И главное, что было сердиться на других, если сам я вел себя еще недавно точно так же. Когда пришли мы с Томасом в ковбойский магазин, он говорил: «Выбери себе ремень». Говорю: «Вот этот». Томас опять помрачнел, как в первые дни нашего знакомства: вроде все уроки ковбойства пошли не впрок. «А что такого?» — спрашиваю. «Это же не ковбойский! Это так, дрянь, которую всякие пижоны таскают…» Словом, почти ничего не сумел я выбрать из того, что, на взгляд Томаса, было «настоящим». Рубашка, которую он собственными руками на меня напялил, — какая-то клюква в молоке — была, оказывается, ковбойской, самой ковбойской, какую только можно себе представить. «В таких покоряли Дикий Запад», — сообщил Томас с гордостью, хотя на вид это было в пору носить барышне или пятилетнему ребенку. Когда же дело дошло до куртки, то я бы сказал: там были такие ковбойские куртки! Но Томас забраковал все и в конце концов снял куртку со своего плеча — мы с ним были одного роста.

На задней стороне воротника этой потрепанной кожанки имелось клеймо: «Техас». Но не мог же я носить куртку навыворот.

Встретил я друга своего Игоря К. — в просторечии Гарик. Ну, думаю, вот кто меня поймет.

Друг — скульптор. Ставит он памятники лошадям. Великим скакунам былых и нынешних времен. Если в жизни, прямо на скаковой дорожке, не застали вы какую-нибудь четвероногую знаменитость, то не тревожьтесь — Гарик запечатлеет ее для потомства в бронзе. С необычайной честностью относясь к своему ремеслу, Гарик постиг мир живой природы не из вторых рук. Обитатели гор и пустынь, лесов и рек, даже морей и океанов знакомы ему непосредственно. Не только коня, но и кита Гарик способен изобразить с портретной достоверностью.

Как-то раз пригласил Гарик даму своего сердца в зоопарк, а там увидели они верблюда.

Скульптор-землепроходец тотчас понял, что перед ним не какой-нибудь выкормыш из питомника, а видавший виды дромадер, настоящий «корабль пустыни». Рубцы и раны на теле величественного пенсионера говорили опытному глазу о том, что пройден достойный трудовой путь.

Величественно верблюд жевал какую-то колючую дрянь и, как бы цитируя сказку «Почему у верблюда вырос горб», всем своим видом говорил: «Презираю!»

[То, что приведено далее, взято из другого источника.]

lemma heval_surj: "\<exists>w. heval w = g"
proof -
  have multiple: "\<exists>w. heval w = (k * x, k * y, k * z)"
    if "gval a = (x, y, z)" and "gval a' = (- x, - y, - z)" for k x y z a a'
  proof (cases "k \<ge> 0")
    case True
    then show ?thesis using that heval_replicate[of "nat k" a] by auto
  next
    case False
    then show ?thesis using that heval_replicate[of "nat (- k)" a'] by auto
  qed
  obtain x y z where g: "g = (x, y, z)" by (cases g)
  obtain wx where "heval wx = (x, 0, 0)" using multiple[of Gs 1 0 0 Gs_inv] by auto
  obtain wy where "heval wy = (0, y, 0)" using multiple[of Gp 0 1 0 Gp_inv] by auto
  obtain wz where "heval wz = (0, 0, z - x * y)" using multiple[of Gq 0 0 1 Gq_inv] by auto
  with \<open>heval wx = _\<close> \<open>heval wy = _\<close> have "heval (wx @ wy @ wz) = g" by (simp add: heval_append g)
  then show ?thesis by blast
qed

lemma abs_fst_heval_le: "\<bar>fst (heval w)\<bar> \<le> int (length w)"
proof (induction w rule: rev_induct)
  case (snoc a w)
  have "\<bar>fst (gval a)\<bar> \<le> 1" by (cases a) auto
  then show ?case using snoc by simp
qed (simp add: hone_def)

lemma abs_fst_diff_le_dA: "\<bar>fst h - fst g\<bar> \<le> int (dA g h)"
proof -
  obtain x y z where g: "g = (x, y, z)" by (cases g)
  have inverse: "hmult g (- x, - y, x * y - z) = hone" by (simp add: g hone_def)
  obtain w where "heval w = hmult (- x, - y, x * y - z) h" using heval_surj by blast
  then have "hmult g (heval w) = h" using inverse by (simp flip: hmult_assoc)
  then have "\<exists>w'. length w' = length w \<and> hmult g (heval w') = h" by blast
  then have "\<exists>w'. length w' = dA g h \<and> hmult g (heval w') = h"
    unfolding dA_def by (rule LeastI)
  then obtain w where w: "length w = dA g h" "hmult g (heval w) = h" by blast
  then have "fst h = fst g + fst (heval w)" by auto
  then show ?thesis using abs_fst_heval_le[of w] w(1) by simp
qed

lemma finite_UNIV_gen: "finite (UNIV :: gen set)"
proof -
  have "(UNIV :: gen set) = {Ge, Gs, Gp, Gq, Gs_inv, Gp_inv, Gq_inv}"
    using gen.exhaust by auto
  then show ?thesis by (metis finite.emptyI finite.insertI)
qed

lemma dA_le_hfun:
  assumes "w \<in> L" "length w \<le> n"
  shows "real (dA (heval w) (\<psi> w)) \<le> hfun L \<psi> n"
proof -
  have "finite {w :: gen list. set w \<subseteq> UNIV \<and> length w \<le> n}"
    by (rule finite_lists_length_le) (simp add: finite_UNIV_gen)
  then have "finite {dA (heval w) (\<psi> w) | w. w \<in> L \<and> length w \<le> n}"
    by (rule finite_subset[rotated, OF finite_imageI]) auto
  then show ?thesis
    using assms unfolding hfun_def by (simp add: Max_ge_iff) blast
qed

— Вот это Киплинг! — восхитилась дама Гарикова сердца.

— А хочешь, — предложил Гарик самое лучшее, что мог он в ту минуту предложить, — я заставлю его встать перед тобой на колени?

— Не может быть!

После этого скульптору, другу моему, ничего не оставалось, как гнуть из верблюда этюд в стиле позднего Микеланджело.

Конечно, Гарик знал верблюжьи нравы и даже верблюжий язык. Подошел он к самой решетке и крикнул:

— Чок! Чок!

Хотя верблюд и не повернул головы, но перестал жевать. Гарик понял, что на верном пути, и повторил свой зов. Верблюда как бы повело. Его просто корчить начало от знакомого, слишком знакомого «Чок! Чок!». А Гарик, чувствуя свою силу, кричал и кричал.

Заговорили старые раны, инстинкты, условные рефлексы, вся прошлая жизнь, видимо, пронеслась перед умственным взором верблюда. Все его существо подчинилось команде, и сами собой начали гнуться узловатые колени…

— Ах, какой Киплинг! — воскликнула спутница Гарика.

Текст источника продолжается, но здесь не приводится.